[Stored items]
● ● ●

(* Let $f:M\to\mathbb{R}^3$ be an immersion with eq\"uiaffine transversal vector field $\xi$ and positive definite induced bilinear form $h$, let $(u,v)$ be isothermal coordinates centered at an umbilical point $(0,0)$ with $\lambda_0=b_{11}(0,0)=b_{22}(0,0)\neq0$, and set $q_0=f(0,0)+\lambda_0^{-1}\xi(0,0)$. Let $k\ge1$. Then $(0,0)$ is umbilical of order $\ge k$ (i.e. the $(k-1)$-jet at $(0,0)$ of $\mathcal{B}=(b_{11}-b_{22},2b_{12})$ vanishes) if and only if $$f(u,v)+\lambda_0^{-1}\xi(u,v)=q_0+O(k+1),$$ where $O(k+1)$ denotes terms of degree at least $k+1$ in $(u,v)$.
   Context: $D$ is the flat connection of $\mathbb{R}^3$; $h$ and the shape operator $B$ are defined by $D_Xf_*Y=f_*(\nabla_XY)+h(X,Y)\xi$, $D_X\xi=-f_*(BX)+\tau(X)\xi$, eq\"uiaffine meaning $\tau=0$. Isothermal coordinates: $h(\partial_u,\partial_u)=h(\partial_v,\partial_v)=\rho$, $h(\partial_u,\partial_v)=0$. The matrix of $B$ is given by $\xi_u=-b_{11}f_u-b_{21}f_v$, $\xi_v=-b_{12}f_u-b_{22}f_v$ (with $b_{12}=b_{21}$). Umbilical: $B$ a multiple of the identity. *)

theory Defs
  imports "HOL-Analysis.Analysis" "HOL-Analysis.Cross3"
begin

definition pu :: "(real \<times> real \<Rightarrow> 'a::real_normed_vector) \<Rightarrow> real \<times> real \<Rightarrow> 'a" where
  "pu g = (\<lambda>(u,v). vector_derivative (\<lambda>t. g (t, v)) (at u))"

definition pv :: "(real \<times> real \<Rightarrow> 'a::real_normed_vector) \<Rightarrow> real \<times> real \<Rightarrow> 'a" where
  "pv g = (\<lambda>(u,v). vector_derivative (\<lambda>t. g (u, t)) (at v))"

definition pd :: "nat \<Rightarrow> nat \<Rightarrow> (real \<times> real \<Rightarrow> 'a::real_normed_vector) \<Rightarrow> real \<times> real \<Rightarrow> 'a" where
  "pd i j g = (pu ^^ i) ((pv ^^ j) g)"

definition smooth_on2 :: "(real \<times> real) set \<Rightarrow> (real \<times> real \<Rightarrow> 'a::real_normed_vector) \<Rightarrow> bool" where
  "smooth_on2 U g \<longleftrightarrow> (\<forall>i j. \<forall>p\<in>U. pd i j g differentiable (at p))"

definition jet_vanishes :: "nat \<Rightarrow> (real \<times> real \<Rightarrow> 'a::real_normed_vector) \<Rightarrow> real \<times> real \<Rightarrow> bool" where
  "jet_vanishes m g p0 \<longleftrightarrow> (\<forall>i j. i + j \<le> m \<longrightarrow> pd i j g p0 = 0)"

end

theory Submission
  imports Defs
begin

(* The focal map G = f + xi/lambda0 - q0 vanishes at the umbilic, and the Weingarten formula gives
   G_u = A f_u + B f_v and G_v = B f_u + C f_v with A = 1 - b11/lambda0, B = -b12/lambda0 and
   C = 1 - b22/lambda0, all vanishing at the origin. Since f_u and f_v are independent, the k-jet of G
   vanishes iff the (k-1)-jets of A, B and C vanish. Up to the factor -1/lambda0, B and C - A are b12
   and b11 - b22, and they already control A and C: the integrability condition G_uv = G_vu reads
     (A_v - B_u) f_u + (B_v - C_u) f_v = B (f_uu - f_vv) + (C - A) f_uv,
   so the (k-2)-jets of A_v and C_u vanish, and with the derivatives of C - A this accounts for all
   first partials of A and C. *)

section \<open>Partial derivatives\<close>

lemma pu_eqI: "((\<lambda>t. g (t, v)) has_vector_derivative d) (at u) \<Longrightarrow> pu g (u, v) = d"
  by (simp add: pu_def vector_derivative_at)

lemma pv_eqI: "((\<lambda>t. g (u, t)) has_vector_derivative d) (at v) \<Longrightarrow> pv g (u, v) = d"
  by (simp add: pv_def vector_derivative_at)

lemma pu_swap: "pu (\<lambda>q. g (snd q, fst q)) (v, u) = pv g (u, v)"
  by (simp add: pu_def pv_def)

lemma has_derivative_imp_has_vector_derivative_pu:
  assumes "(g has_derivative D) (at (u, v))"
  shows "((\<lambda>t. g (t, v)) has_vector_derivative D (1, 0)) (at u)"
proof -
  have "((\<lambda>t. (t, v)) has_derivative (\<lambda>t. t *\<^sub>R (1, 0))) (at u)"
    by (auto intro!: derivative_eq_intros)
  from has_derivative_compose[OF this assms] show ?thesis
    by (simp only: has_vector_derivative_def linear_scale[OF has_derivative_linear[OF assms]])
qed
text \<open>Evaluation at a point P of the partial derivative with respect to X_ij of
f_k = det X_[k,k+t] = sum over sigma permuting {1..m} of sign sigma * prod_i' X_(i', k + sigma i' - 1)
(Leibniz formula). Since each monomial contains X_ij at most once (with exponent 1), the
derivative is the sum over those sigma with k + sigma i - 1 = j of the product over i' ~= i.
Rows are indexed by variables (i,j), columns by k in {1..n-t}; entries outside are 0.\<close>
definition jac_eval :: "nat \<Rightarrow> nat \<Rightarrow> (nat \<Rightarrow> nat \<Rightarrow> 'a::comm_ring_1) \<Rightarrow> nat \<times> nat \<Rightarrow> nat \<Rightarrow> 'a" where
  "jac_eval m n P ij k =
     (case ij of (i, j) \<Rightarrow>
       if i \<in> {1..m} \<and> j \<in> {1..n} \<and> k \<in> {1..n - (m - 1)} then
         (\<Sum>\<sigma> \<in> {\<sigma>. \<sigma> permutes {1..m} \<and> k + \<sigma> i - 1 = j}.
            of_int (sign \<sigma>) * (\<Prod>i' \<in> {1..m} - {i}. P i' (k + \<sigma> i' - 1)))
       else 0)"

end

theory Submission
  imports Defs
begin

text \<open>At the point \<open>a\<close> only the last row of the Jacobian survives: the entry for \<open>X\<^sub>m\<^sub>j\<close>
  and \<open>f\<^sub>k\<close> is \<open>\<Delta>\<close> times a signed count of permutations, which vanishes unless \<open>j = k\<close> or
  \<open>j = k + t\<close> and is a unit for \<open>j = k\<close>.  So \<open>J = \<Delta> Jred\<close>, where \<open>Jred\<close> is unitriangular on the
  rows \<open>(m, j)\<close>, \<open>j \<in> C\<close>.  Hence \<open>O\<^sup>m\<^sup>n\<close> is the direct sum of the image of \<open>Jred\<close> and the
  coordinates outside \<open>{m} \<times> C\<close>, and the image of \<open>J\<close> is \<open>\<Delta>\<close> times the first summand: the
  cokernel is free on the \<open>m n - (n - t)\<close> remaining coordinates plus a torsion part
  \<open>(O/\<Delta>)\<^sup>n\<^sup>-\<^sup>t\<close>.  The torsion part has length \<open>(n - t) \<nu>(\<Delta>)\<close>: the submodules of
  \<open>O\<^sup>n\<^sup>-\<^sup>t\<close> given by coordinatewise valuation bounds, lowered one unit at a time, form a
  chain of covers from \<open>\<Delta> O\<^sup>n\<^sup>-\<^sup>t\<close> to \<open>O\<^sup>n\<^sup>-\<^sup>t\<close>, and by the modular law no chain of
  submodules in between is longer.\<close>

section \<open>Submodules of coordinate modules\<close>

definition is_submodule :: "('i \<Rightarrow> 'a::comm_ring_1) set \<Rightarrow> bool" where
  "is_submodule W \<longleftrightarrow> (\<lambda>i. 0) \<in> W \<and> (\<forall>x\<in>W. \<forall>y\<in>W. (\<lambda>i. x i + y i) \<in> W) \<and>
     (\<forall>s. \<forall>x\<in>W. (\<lambda>i. s * x i) \<in> W)"
lemma sched_eq:
  assumes "c \<in> {1..n}"
  defines "j \<equiv> run_idx \<tau> c"
  shows "sched l \<tau> c = (if k + 1 - l \<le> j then
       length (filter (\<lambda>x. x < c) (runs \<tau> ! j)) + length (filter (\<lambda>x. c < x) (runs \<tau> ! (j - 1)))
     else if j = k - l then length (filter (\<lambda>x. c \<le> x) (runs \<tau> ! j))
     else length (filter (\<lambda>x. c < x) (runs \<tau> ! j)) + length (filter (\<lambda>x. x < c) (runs \<tau> ! (j + 1))))"
proof -
  have "j \<le> k" "c \<in> set (runs \<tau> ! j)" "sorted_wrt (<) (runs \<tau> ! j)"
    using run_idx_le mem_run_idx run_props assms by auto
  then show ?thesis
    unfolding sched_def Let_def length_runs j_def[symmetric]
    using dropWhile_neq_eq_filter l_le_k by (auto simp: Suc_diff_le)
qed

text \<open>Cars are inserted in increasing order of this key: first diagonal \<open>0\<close>, then the positive
  diagonals upwards, then the negative ones downwards; within a diagonal decreasingly when it is
  nonnegative and increasingly when it is negative.  So each car enters on top of the current
  configuration (\<open>top_insertion\<close>) or, once all nonnegative diagonals are filled, at its bottom
  (\<open>bottom_insertion\<close>).\<close>
definition insertion_key :: "nat \<Rightarrow> nat \<times> int \<times> int" where
  "insertion_key x =
     (if diag x = 0 then (0, 0, - int x) else if 0 < diag x then (1, diag x, - int x) else (2, - diag x, int x))"

lemma insertion_key_inj: "insertion_key x = insertion_key y \<Longrightarrow> x = y"
  unfolding insertion_key_def by (auto split: if_splits)

definition down_set :: "nat \<Rightarrow> nat set" where
  "down_set c = {x \<in> {1..n}. insertion_key x \<le> insertion_key c}"

lemma dinv_gf_down_set_ground:
  fixes q :: "'a::comm_ring_1"
  assumes c: "c \<in> {1..n}" and diag_c: "diag c = 0"
  shows "dinv_gf diag (down_set c) q = qint (sched l \<tau> c) q * dinv_gf diag (down_set c - {c}) q"
proof -
  have A: "down_set c = {x \<in> {1..n}. diag x = 0 \<and> c \<le> x}"
    using diag_c by (auto simp: down_set_def insertion_key_def)
  interpret top_insertion diag "down_set c" c
    by unfold_locales (use c diag_c in \<open>auto simp: A\<close>)
  have j: "run_idx \<tau> c = k - l" using diag_c run_idx_le[OF c] l_le_k by (simp add: diag_def)
  have "x \<in> set (runs \<tau> ! (k - l)) \<longleftrightarrow> x \<in> {1..n} \<and> diag x = 0" for x
    using mem_run_iff[of "k - l" x] run_idx_le[of x] l_le_k by (auto simp: diag_def)
  then have "down_set c = {x \<in> set (runs \<tau> ! (k - l)). c \<le> x}" by (auto simp: A)
  then have "card (down_set c) = sched l \<tau> c"
    using card_run_filter[of "k - l"] sched_eq[OF c] j l_le_k by auto
  moreover have "slots = down_set c - {c}" using diag_c unfolding slots_def by (auto simp: A)
  moreover have "0 < card (down_set c)" using c_in finite_A card_gt_0_iff by blast
  ultimately have "card slots + (if diag c = 0 then 1 else 0) = sched l \<tau> c"
    using c_in finite_A diag_c by (simp add: card_Suc_Diff1)
  then show ?thesis using dinv_gf_eq by simp
qed

lemma dinv_gf_down_set_higher:
  fixes q :: "'a::comm_ring_1"
  assumes c: "c \<in> {1..n}" and diag_c: "0 < diag c"
  shows "dinv_gf diag (down_set c) q = qint (sched l \<tau> c) q * dinv_gf diag (down_set c - {c}) q"
proof -
  define j where "j = run_idx \<tau> c"
  have A: "down_set c = {x \<in> {1..n}. 0 \<le> diag x \<and> (diag x < diag c \<or> (diag x = diag c \<and> c \<le> x))}"
    using diag_c by (auto simp: down_set_def insertion_key_def)
  interpret top_insertion diag "down_set c" c
    by unfold_locales (use c diag_c in \<open>auto simp: A\<close>)
  have j: "j < k - l" using diag_c run_idx_le[OF c] l_le_k by (simp add: diag_def j_def)
  have "x \<in> set (runs \<tau> ! j) \<longleftrightarrow> x \<in> {1..n} \<and> diag x = diag c"
    and "x \<in> set (runs \<tau> ! (j + 1)) \<longleftrightarrow> x \<in> {1..n} \<and> diag x = diag c - 1" for x
    using mem_run_iff[of j x] mem_run_iff[of "j + 1" x] j by (auto simp: diag_def j_def)
  then have "slots = {x \<in> set (runs \<tau> ! j). c < x} \<union> {x \<in> set (runs \<tau> ! (j + 1)). x < c}"
    using diag_c unfolding slots_def by (auto simp: A)
  moreover have "card \<dots> = card {x \<in> set (runs \<tau> ! j). c < x} + card {x \<in> set (runs \<tau> ! (j + 1)). x < c}"
    using runs_disjoint[of j "j + 1"] j by (intro card_Un_disjoint) auto
  ultimately have "card slots + (if diag c = 0 then 1 else 0) = sched l \<tau> c"
    using diag_c card_run_filter[of j] card_run_filter[of "j + 1"] sched_eq[OF c] j
    by (auto simp: j_def)
  then show ?thesis using dinv_gf_eq by simp
qed

lemma dinv_gf_down_set_lower:
  fixes q :: "'a::comm_ring_1"
  assumes c: "c \<in> {1..n}" and diag_c: "diag c < 0"
  shows "dinv_gf diag (down_set c) q = qint (sched l \<tau> c) q * dinv_gf diag (down_set c - {c}) q"
proof -
  define j where "j = run_idx \<tau> c"
  have A: "down_set c = {x \<in> {1..n}. diag c < diag x \<or> (diag x = diag c \<and> x \<le> c)}"
    using diag_c by (auto simp: down_set_def insertion_key_def)
  interpret bottom_insertion diag "down_set c" c
    by unfold_locales (use c diag_c in \<open>auto simp: A\<close>)
  have j: "k - l < j" "j \<le> k" using diag_c run_idx_le[OF c] l_le_k by (auto simp: diag_def j_def)
  have "x \<in> set (runs \<tau> ! j) \<longleftrightarrow> x \<in> {1..n} \<and> diag x = diag c"
    and "x \<in> set (runs \<tau> ! (j - 1)) \<longleftrightarrow> x \<in> {1..n} \<and> diag x = diag c + 1" for x
    using mem_run_iff[of j x] mem_run_iff[of "j - 1" x] run_idx_le[of x] j
    by (auto simp: diag_def j_def)
  then have "slots = {x \<in> set (runs \<tau> ! j). x < c} \<union> {x \<in> set (runs \<tau> ! (j - 1)). c < x}"
    unfolding slots_def by (auto simp: A)
  moreover have "card \<dots> = card {x \<in> set (runs \<tau> ! j). x < c} + card {x \<in> set (runs \<tau> ! (j - 1)). c < x}"
    using runs_disjoint[of j "j - 1"] j by (intro card_Un_disjoint) auto
  ultimately have "card slots = sched l \<tau> c"
    using card_run_filter[of j] card_run_filter[of "j - 1"] sched_eq[OF c] j by (auto simp: j_def)
  then show ?thesis using dinv_gf_eq by simp
qed

lemma dinv_gf_down_set:
  fixes q :: "'a::comm_ring_1"
  assumes "c \<in> {1..n}"
  shows "dinv_gf diag (down_set c) q = qint (sched l \<tau> c) q * dinv_gf diag (down_set c - {c}) q"
  using dinv_gf_down_set_ground[OF assms] dinv_gf_down_set_higher[OF assms]
    dinv_gf_down_set_lower[OF assms]
  by (cases "diag c" "0::int" rule: linorder_cases) auto

lemma dinv_gf_down_closed:
  fixes q :: "'a::comm_ring_1"
  assumes "A \<subseteq> {1..n}"
    and "\<And>x y. x \<in> {1..n} \<Longrightarrow> y \<in> A \<Longrightarrow> insertion_key x \<le> insertion_key y \<Longrightarrow> x \<in> A"
  shows "dinv_gf diag A q = (\<Prod>c\<in>A. qint (sched l \<tau> c) q)"
  using assms
proof (induction "card A" arbitrary: A)
  case 0
  then have "A = {}" using finite_subset[of A "{1..n}"] by auto
  then show ?case by (simp add: dinv_gf_empty)
next
  case (Suc m)
  have fin: "finite A" using Suc.prems finite_subset by blast
  then obtain c where c: "c \<in> A" "insertion_key c = Max (insertion_key ` A)"
    using Suc.hyps(2) Max_in[of "insertion_key ` A"] by fastforce
  then have le: "insertion_key y \<le> insertion_key c" if "y \<in> A" for y using fin that by auto
  have c_range: "c \<in> {1..n}" using Suc.prems c by auto
  have A: "A = down_set c"
  proof
    show "A \<subseteq> down_set c" using Suc.prems(1) le unfolding down_set_def by blast
    show "down_set c \<subseteq> A" using Suc.prems(2)[OF _ c(1)] unfolding down_set_def by blast
  qed
  have "dinv_gf diag (A - {c}) q = (\<Prod>c\<in>A - {c}. qint (sched l \<tau> c) q)"
  proof (rule Suc.hyps(1))
    show "m = card (A - {c})" using Suc.hyps(2) fin c by simp
    show "A - {c} \<subseteq> {1..n}" using Suc.prems by auto
    show "x \<in> A - {c}" if "x \<in> {1..n}" "y \<in> A - {c}" "insertion_key x \<le> insertion_key y" for x y
    proof -
      have "x \<noteq> c" using that le[of y] insertion_key_inj[of y c] by auto
      then show ?thesis using that Suc.prems(2)[of x y] by auto
    qed
  qed
  moreover have "dinv_gf diag A q = qint (sched l \<tau> c) q * dinv_gf diag (A - {c}) q"
    using dinv_gf_down_set[OF c_range] unfolding A .
  ultimately show ?case using fin c by (simp add: prod.remove)
qed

● ● ●

(EXERCISE BRIEF) Above are the records; copy every line in them that holds the word "jets".

(RESULT OF THIS EXERCISE)
   vanishes iff the (k-1)-jets of A, B and C vanish. Up to the factor -1/lambda0, B and C - A are b12
   so the (k-2)-jets of A_v and C_u vanish, and with the derivatives of C - A this accounts for all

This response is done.